The iconography of trafficking is present in 'Three Kingdoms', but in distant, chillingly abstracted fashion, as women emerge from suitcases or don deer's heads while wolf-masked pimps look on (immense credit to Ene-Liis Semper, whose costume designs are stunning). Rather than a gritty interrogation of the daily realities of the vice industry, Stephens and Nübling offer up a cautionary fable of globalism: the sex trade is presented clinically here as an inevitable result of capitalism; it exists simply because there is a market for it.

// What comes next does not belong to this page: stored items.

(* (i) Let $\mu$ be a measure and $f,g$ nonnegative elements of $\mathbb{L}_2(\mu)$ with $\|f\|=1$ and $\|g\|>0$, and let $\overline{g}=g/\|g\|$. Then \[ \|f-\overline{g}\|^2\le\frac{4\|f-g\|^2}{4-\|f-\overline{g}\|^2}\le2\|f-g\|^2. \] (ii) If $s$ is a probability density with respect to $\mu$, $g$ a nonnegative element of $\mathbb{L}_2(\mu)$ with $\|g\|>0$ and $u=(g/\|g\|)^2$, then $u$ is a probability density with respect to $\mu$ and \[ h^2(s,u)\le1-\sqrt{1-\left(\|\sqrt{s}-g\|^2\wedge1\right)}\le\|\sqrt{s}-g\|^2\wedge1. \] (iii) If $t\in\mathbb{L}_1(\mu)$ satisfies $\int(t\vee0)\,d\mu>0$ and $\pi(t)=(t\vee0)/\int(t\vee0)\,d\mu$, then \[ h^2(s,\pi(t))\le1-\sqrt{1-\left(\|\sqrt{s}-\sqrt{t\vee0}\|^2\wedge1\right)}\le\|\sqrt{s}-\sqrt{t\vee0}\|^2\wedge1. \]
   Context: $\|\cdot\|$ is the $\mathbb{L}_2(\mu)$ norm. For probability densities $s,u$ with respect to $\mu$, $h^2(s,u)=\frac12\int(\sqrt{s}-\sqrt{u})^2\,d\mu$ is the squared Hellinger distance. *)

theory Defs
  imports "HOL-Analysis.Analysis"
begin

definition in_L2 :: "'a measure \<Rightarrow> ('a \<Rightarrow> real) \<Rightarrow> bool" where
  "in_L2 M f \<longleftrightarrow> f \<in> borel_measurable M \<and> integrable M (\<lambda>x. (f x)\<^sup>2)"

definition L2_norm :: "'a measure \<Rightarrow> ('a \<Rightarrow> real) \<Rightarrow> real" where
  "L2_norm M f = sqrt (\<integral>x. (f x)\<^sup>2 \<partial>M)"

definition prob_density :: "'a measure \<Rightarrow> ('a \<Rightarrow> real) \<Rightarrow> bool" where
  "prob_density M s \<longleftrightarrow> s \<in> borel_measurable M \<and> (AE x in M. 0 \<le> s x)
      \<and> integrable M s \<and> (\<integral>x. s x \<partial>M) = 1"

definition hellinger2 :: "'a measure \<Rightarrow> ('a \<Rightarrow> real) \<Rightarrow> ('a \<Rightarrow> real) \<Rightarrow> real" where
  "hellinger2 M s u = (1/2) * (\<integral>x. (sqrt (s x) - sqrt (u x))\<^sup>2 \<partial>M)"

end

theory Submission
  imports Defs
begin

text \<open>
  Write \<open>N = \<parallel>g\<parallel>\<close> and \<open>c = \<langle>f, g\<rangle> / N\<close>, the cosine of the angle between \<open>f\<close> and \<open>g\<close>; it is
  nonnegative because both functions are. Expanding the squares gives
  \<open>\<parallel>f - g/N\<parallel>\<^sup>2 = 2 - 2c\<close> and the Pythagorean identity \<open>\<parallel>f - g\<parallel>\<^sup>2 = (1 - c\<^sup>2) + (N - c)\<^sup>2\<close>,
  so \<open>\<parallel>f - g\<parallel>\<^sup>2 \<ge> 1 - c\<^sup>2\<close>: the ray through \<open>g\<close> stays at distance \<open>\<surd>(1 - c\<^sup>2)\<close> from \<open>f\<close>.
  Part (i) is this inequality rewritten in terms of \<open>\<parallel>f - g/N\<parallel>\<^sup>2\<close>. For (ii) take \<open>f = \<surd>s\<close>:
  then \<open>h\<^sup>2(s, u) = \<parallel>\<surd>s - g/N\<parallel>\<^sup>2 / 2 = 1 - c\<close>, and \<open>c \<ge> \<surd>(1 - \<parallel>\<surd>s - g\<parallel>\<^sup>2)\<close>.
  Part (iii) is (ii) for \<open>g = \<surd>(t \<or> 0)\<close>.
\<close>

lemma le_four_mult_divide_le_two_mult:
  fixes a b :: real
  assumes "0 \<le> a" "a \<le> 2" "a * (4 - a) \<le> 4 * b"
  shows "a \<le> 4 * b / (4 - a)" and "4 * b / (4 - a) \<le> 2 * b"
proof -
  have pos: "4 - a > 0" using assms(2) by simp
  show "a \<le> 4 * b / (4 - a)" using assms(3) pos by (simp add: le_divide_eq)
  have "0 \<le> b" using assms mult_nonneg_nonneg[of a "4 - a"] by linarith
  then have "4 * b \<le> 2 * b * (4 - a)"
    using mult_left_mono[OF assms(2), of b] by (simp add: algebra_simps)
  then show "4 * b / (4 - a) \<le> 2 * b" using pos by (simp add: divide_le_eq)
qed

lemma one_minus_sqrt_one_minus_min_le:
  fixes b :: real
  assumes "0 \<le> b"
  shows "1 - sqrt (1 - min b 1) \<le> min b 1"
proof -
  define d where "d = min b 1"
  have "0 \<le> d" "d \<le> 1" using assms by (auto simp: d_def)
  then have "(1 - d)\<^sup>2 \<le> 1 - d" by (simp add: power2_eq_square mult_left_le)
  then have "1 - d \<le> sqrt (1 - d)" using \<open>d \<le> 1\<close> by (simp add: real_le_rsqrt)
  then show ?thesis unfolding d_def by simp
qed

lemma sqrt_one_minus_min_le:
  fixes b c :: real
  assumes "0 \<le> c" "1 - c\<^sup>2 \<le> b"
  shows "sqrt (1 - min b 1) \<le> c"
proof -
  have "1 - min b 1 \<le> c\<^sup>2" using assms(2) by (auto simp: min_def)
  then show ?thesis using assms(1) by (simp add: real_sqrt_le_iff')
qed

lemma L2_norm_sq: "(L2_norm M f)\<^sup>2 = (\<integral>x. (f x)\<^sup>2 \<partial>M)"
  unfolding L2_norm_def by (simp add: integral_nonneg_AE)

lemma in_L2_divide: "in_L2 M g \<Longrightarrow> in_L2 M (\<lambda>x. g x / c)"
  unfolding in_L2_def by (auto simp: power_divide)

lemma in_L2_sqrt:
  assumes "integrable M s"
  shows "in_L2 M (\<lambda>x. sqrt (s x))"
proof -
  have "(\<lambda>x. (sqrt (s x))\<^sup>2) = (\<lambda>x. \<bar>s x\<bar>)" by (simp add: power2_eq_square)
  then show ?thesis using assms unfolding in_L2_def by auto
qed

lemma L2_norm_sqrt:
  assumes "s \<in> borel_measurable M" "AE x in M. 0 \<le> s x"
  shows "L2_norm M (\<lambda>x. sqrt (s x)) = sqrt (\<integral>x. s x \<partial>M)"
  unfolding L2_norm_def using assms by (auto intro!: arg_cong[where f = sqrt] integral_cong_AE)

lemma in_L2_integrable_mult:
  assumes "in_L2 M f" "in_L2 M g"
  shows "integrable M (\<lambda>x. f x * g x)"
proof (rule Bochner_Integration.integrable_bound)
  show "integrable M (\<lambda>x. (f x)\<^sup>2 + (g x)\<^sup>2)" using assms by (auto simp: in_L2_def)
  show "(\<lambda>x. f x * g x) \<in> borel_measurable M" using assms by (auto simp: in_L2_def)
  have "norm (f x * g x) \<le> norm ((f x)\<^sup>2 + (g x)\<^sup>2)" for x
  proof -
    have "2 * (\<bar>f x\<bar> * \<bar>g x\<bar>) \<le> (f x)\<^sup>2 + (g x)\<^sup>2"
      using sum_squares_bound[of "\<bar>f x\<bar>" "\<bar>g x\<bar>"] by (simp add: mult.assoc)
    moreover have "0 \<le> \<bar>f x\<bar> * \<bar>g x\<bar>" by simp
    moreover have "norm (f x * g x) = \<bar>f x\<bar> * \<bar>g x\<bar>" by (simp add: abs_mult)
    ultimately show ?thesis by simp
  qed
  then show "AE x in M. norm (f x * g x) \<le> norm ((f x)\<^sup>2 + (g x)\<^sup>2)" by simp
qed

lemma L2_norm_diff_sq:
  assumes "in_L2 M f" "in_L2 M g"
  shows "(L2_norm M (\<lambda>x. f x - g x))\<^sup>2
           = (L2_norm M f)\<^sup>2 - 2 * (\<integral>x. f x * g x \<partial>M) + (L2_norm M g)\<^sup>2"
proof -
  have int: "integrable M (\<lambda>x. (f x)\<^sup>2)" "integrable M (\<lambda>x. (g x)\<^sup>2)"
    "integrable M (\<lambda>x. 2 * (f x * g x))"
    using assms in_L2_integrable_mult[OF assms] by (auto simp: in_L2_def)
  have "(\<lambda>x. (f x - g x)\<^sup>2) = (\<lambda>x. (f x)\<^sup>2 - 2 * (f x * g x) + (g x)\<^sup>2)"
    by (simp add: power2_diff algebra_simps)
  then show ?thesis unfolding L2_norm_sq using int by simp
qed

lemma integral_mult_nonneg_AE:
  fixes f g :: "'a \<Rightarrow> real"
  assumes "AE x in M. 0 \<le> f x" "AE x in M. 0 \<le> g x"
  shows "0 \<le> (\<integral>x. f x * g x \<partial>M)"
  using assms by (intro integral_nonneg_AE) (auto elim: AE_mp)

lemma L2_norm_diff_normalized:
  assumes f: "in_L2 M f" "L2_norm M f = 1" and g: "in_L2 M g" "L2_norm M g > 0"
  defines "N \<equiv> L2_norm M g" and "c \<equiv> (\<integral>x. f x * g x \<partial>M) / L2_norm M g"
  shows "(L2_norm M (\<lambda>x. f x - g x / N))\<^sup>2 = 2 - 2 * c"
    and "(L2_norm M (\<lambda>x. f x - g x))\<^sup>2 = (1 - c\<^sup>2) + (N - c)\<^sup>2"
proof -
  have "(L2_norm M (\<lambda>x. g x / N))\<^sup>2 = 1"
    using g unfolding L2_norm_sq N_def by (simp add: power_divide flip: L2_norm_sq)
  moreover have "(\<integral>x. f x * (g x / N) \<partial>M) = c"
    unfolding c_def N_def by (simp flip: divide_real_def)
  ultimately show "(L2_norm M (\<lambda>x. f x - g x / N))\<^sup>2 = 2 - 2 * c"
    using L2_norm_diff_sq[OF f(1) in_L2_divide[OF g(1)]] f(2) by simp
  have "N * c = (\<integral>x. f x * g x \<partial>M)" unfolding c_def N_def using g(2) by simp
  then show "(L2_norm M (\<lambda>x. f x - g x))\<^sup>2 = (1 - c\<^sup>2) + (N - c)\<^sup>2"
    using L2_norm_diff_sq[OF f(1) g(1)] f(2) unfolding N_def by (simp add: power2_diff)
qed

lemma L2_norm_diff_normalized_le:
  assumes "in_L2 M f" "in_L2 M g" "AE x in M. 0 \<le> f x" "AE x in M. 0 \<le> g x"
    "L2_norm M f = 1" "L2_norm M g > 0"
  defines "a \<equiv> (L2_norm M (\<lambda>x. f x - g x / L2_norm M g))\<^sup>2"
    and "b \<equiv> (L2_norm M (\<lambda>x. f x - g x))\<^sup>2"
  shows "a \<le> 4 * b / (4 - a)" and "4 * b / (4 - a) \<le> 2 * b"
proof -
  define c where "c = (\<integral>x. f x * g x \<partial>M) / L2_norm M g"
  have a: "a = 2 - 2 * c" and b: "b = (1 - c\<^sup>2) + (L2_norm M g - c)\<^sup>2"
    using L2_norm_diff_normalized[OF assms(1,5,2,6)] unfolding a_def b_def c_def by auto
  have "0 \<le> c"
    unfolding c_def using integral_mult_nonneg_AE[OF assms(3,4)] assms(6) by simp
  moreover have "a * (4 - a) = 4 * (1 - c\<^sup>2)"
    unfolding a by (simp add: algebra_simps power2_eq_square)
  ultimately have "a \<le> 2" "a * (4 - a) \<le> 4 * b" unfolding a b by auto
  moreover have "0 \<le> a" unfolding a_def by simp
  ultimately show "a \<le> 4 * b / (4 - a)" and "4 * b / (4 - a) \<le> 2 * b"
    using le_four_mult_divide_le_two_mult by auto
qed

lemma prob_density_normalized_square:
  assumes "in_L2 M g" "L2_norm M g > 0"
  shows "prob_density M (\<lambda>x. (g x / L2_norm M g)\<^sup>2)"
  using assms L2_norm_sq[of M g] unfolding prob_density_def in_L2_def
  by (auto simp: power_divide)

lemma hellinger2_square:
  assumes "s \<in> borel_measurable M" "h \<in> borel_measurable M" "AE x in M. 0 \<le> h x"
  shows "hellinger2 M s (\<lambda>x. (h x)\<^sup>2) = (L2_norm M (\<lambda>x. sqrt (s x) - h x))\<^sup>2 / 2"
  unfolding hellinger2_def L2_norm_sq using assms by (auto intro: integral_cong_AE)

lemma hellinger2_normalized_square_le:
  assumes s: "prob_density M s"
    and g: "in_L2 M g" "AE x in M. 0 \<le> g x" "L2_norm M g > 0"
  shows "hellinger2 M s (\<lambda>x. (g x / L2_norm M g)\<^sup>2)
           \<le> 1 - sqrt (1 - min ((L2_norm M (\<lambda>x. sqrt (s x) - g x))\<^sup>2) 1)"
proof -
  define c where "c = (\<integral>x. sqrt (s x) * g x \<partial>M) / L2_norm M g"
  have s_meas[measurable]: "s \<in> borel_measurable M" and [measurable]: "g \<in> borel_measurable M"
    using s g(1) by (auto simp: prob_density_def in_L2_def)
  have s0: "AE x in M. 0 \<le> s x" and s_int: "integrable M s" and s1: "(\<integral>x. s x \<partial>M) = 1"
    using s by (auto simp: prob_density_def)
  have f: "in_L2 M (\<lambda>x. sqrt (s x))" "L2_norm M (\<lambda>x. sqrt (s x)) = 1"
    using in_L2_sqrt[OF s_int] L2_norm_sqrt[OF s_meas s0] s1 by auto
  note dist = L2_norm_diff_normalized[OF f g(1,3), folded c_def]
  have "hellinger2 M s (\<lambda>x. (g x / L2_norm M g)\<^sup>2)
          = (L2_norm M (\<lambda>x. sqrt (s x) - g x / L2_norm M g))\<^sup>2 / 2"
    by (rule hellinger2_square) (use g(2,3) in auto)
  then have "hellinger2 M s (\<lambda>x. (g x / L2_norm M g)\<^sup>2) = 1 - c" using dist(1) by simp
  moreover have "sqrt (1 - min ((L2_norm M (\<lambda>x. sqrt (s x) - g x))\<^sup>2) 1) \<le> c"
  proof (rule sqrt_one_minus_min_le)
    show "0 \<le> c"
      unfolding c_def using integral_mult_nonneg_AE[OF _ g(2)] s0 g(3) by auto
    show "1 - c\<^sup>2 \<le> (L2_norm M (\<lambda>x. sqrt (s x) - g x))\<^sup>2" unfolding dist(2) by simp
  qed
  ultimately show ?thesis by simp
qed

lemma hellinger2_positive_part_normalized_le:
  assumes s: "prob_density M s" and t: "integrable M t" "(\<integral>x. max (t x) 0 \<partial>M) > 0"
  shows "hellinger2 M s (\<lambda>x. max (t x) 0 / (\<integral>y. max (t y) 0 \<partial>M))
           \<le> 1 - sqrt (1 - min ((L2_norm M (\<lambda>x. sqrt (s x) - sqrt (max (t x) 0)))\<^sup>2) 1)"
proof -
  have [measurable]: "t \<in> borel_measurable M" using t(1) by simp
  have norm: "L2_norm M (\<lambda>x. sqrt (max (t x) 0)) = sqrt (\<integral>x. max (t x) 0 \<partial>M)"
    by (rule L2_norm_sqrt) auto
  have "(\<lambda>x. (sqrt (max (t x) 0) / L2_norm M (\<lambda>x. sqrt (max (t x) 0)))\<^sup>2)
      = (\<lambda>x. max (t x) 0 / (\<integral>y. max (t y) 0 \<partial>M))"
    unfolding norm using t(2) by (auto simp: power_divide)
  moreover have "in_L2 M (\<lambda>x. sqrt (max (t x) 0))" using t(1) by (simp add: in_L2_sqrt)
  ultimately show ?thesis
    using hellinger2_normalized_square_le[OF s, of "\<lambda>x. sqrt (max (t x) 0)"] t(2) norm by simp
qed

theorem lemma1:
  fixes M :: "'a measure"
  shows
  "(\<forall>f g. in_L2 M f \<and> in_L2 M g \<and> (AE x in M. 0 \<le> f x) \<and> (AE x in M. 0 \<le> g x)
        \<and> L2_norm M f = 1 \<and> L2_norm M g > 0 \<longrightarrow>
       (let gb = (\<lambda>x. g x / L2_norm M g) in
         (L2_norm M (\<lambda>x. f x - gb x))\<^sup>2
           \<le> 4 * (L2_norm M (\<lambda>x. f x - g x))\<^sup>2 / (4 - (L2_norm M (\<lambda>x. f x - gb x))\<^sup>2)
         \<and> 4 * (L2_norm M (\<lambda>x. f x - g x))\<^sup>2 / (4 - (L2_norm M (\<lambda>x. f x - gb x))\<^sup>2)
           \<le> 2 * (L2_norm M (\<lambda>x. f x - g x))\<^sup>2))
   \<and>
   (\<forall>s g. prob_density M s \<and> in_L2 M g \<and> (AE x in M. 0 \<le> g x) \<and> L2_norm M g > 0 \<longrightarrow>
       (let u = (\<lambda>x. (g x / L2_norm M g)\<^sup>2);
            d = min ((L2_norm M (\<lambda>x. sqrt (s x) - g x))\<^sup>2) 1 in
         prob_density M u
         \<and> hellinger2 M s u \<le> 1 - sqrt (1 - d)
         \<and> 1 - sqrt (1 - d) \<le> d))
   \<and>
   (\<forall>s t. prob_density M s \<and> integrable M t \<and> (\<integral>x. max (t x) 0 \<partial>M) > 0 \<longrightarrow>
       (let p = (\<lambda>x. max (t x) 0 / (\<integral>y. max (t y) 0 \<partial>M));
            d = min ((L2_norm M (\<lambda>x. sqrt (s x) - sqrt (max (t x) 0)))\<^sup>2) 1 in
         hellinger2 M s p \<le> 1 - sqrt (1 - d)
         \<and> 1 - sqrt (1 - d) \<le> d))"
proof (intro conjI allI impI, goal_cases)
  case (1 f g)
  then show ?case using L2_norm_diff_normalized_le[of M f g] by (simp add: Let_def)
next
  case (2 s g)
  then show ?case
    using prob_density_normalized_square hellinger2_normalized_square_le[of M s g]
      one_minus_sqrt_one_minus_min_le[OF zero_le_power2]
    unfolding Let_def by blast
next
  case (3 s t)
  then show ?case
    using hellinger2_positive_part_normalized_le[of M s t]
      one_minus_sqrt_one_minus_min_le[OF zero_le_power2]
    unfolding Let_def by blast
qed

end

Hammered home by a pithy speech in the second half, this is one of the clearer arguments in a sprawling play. There are multiple themes: insecure male sexuality; the disorientation of travel in a world denatured by globalisation. But this show is certainly not one for fans of a simple message or linear plotting.

'Three Kingdoms' is never entirely fathomable but it is tremendously compelling. It is indulgent in its way – it could run at less than the current three hours without losing its impact. Yet Stephens's baggy, blackly hilarious script is marked by a great joy in writing, a love of his characters and relish for exploring this twilit European underworld he has created. It is tremendously well acted by the international ensemble, and Nübling imbues it with a beautifully watchable rhythm that only flags a little in the second half.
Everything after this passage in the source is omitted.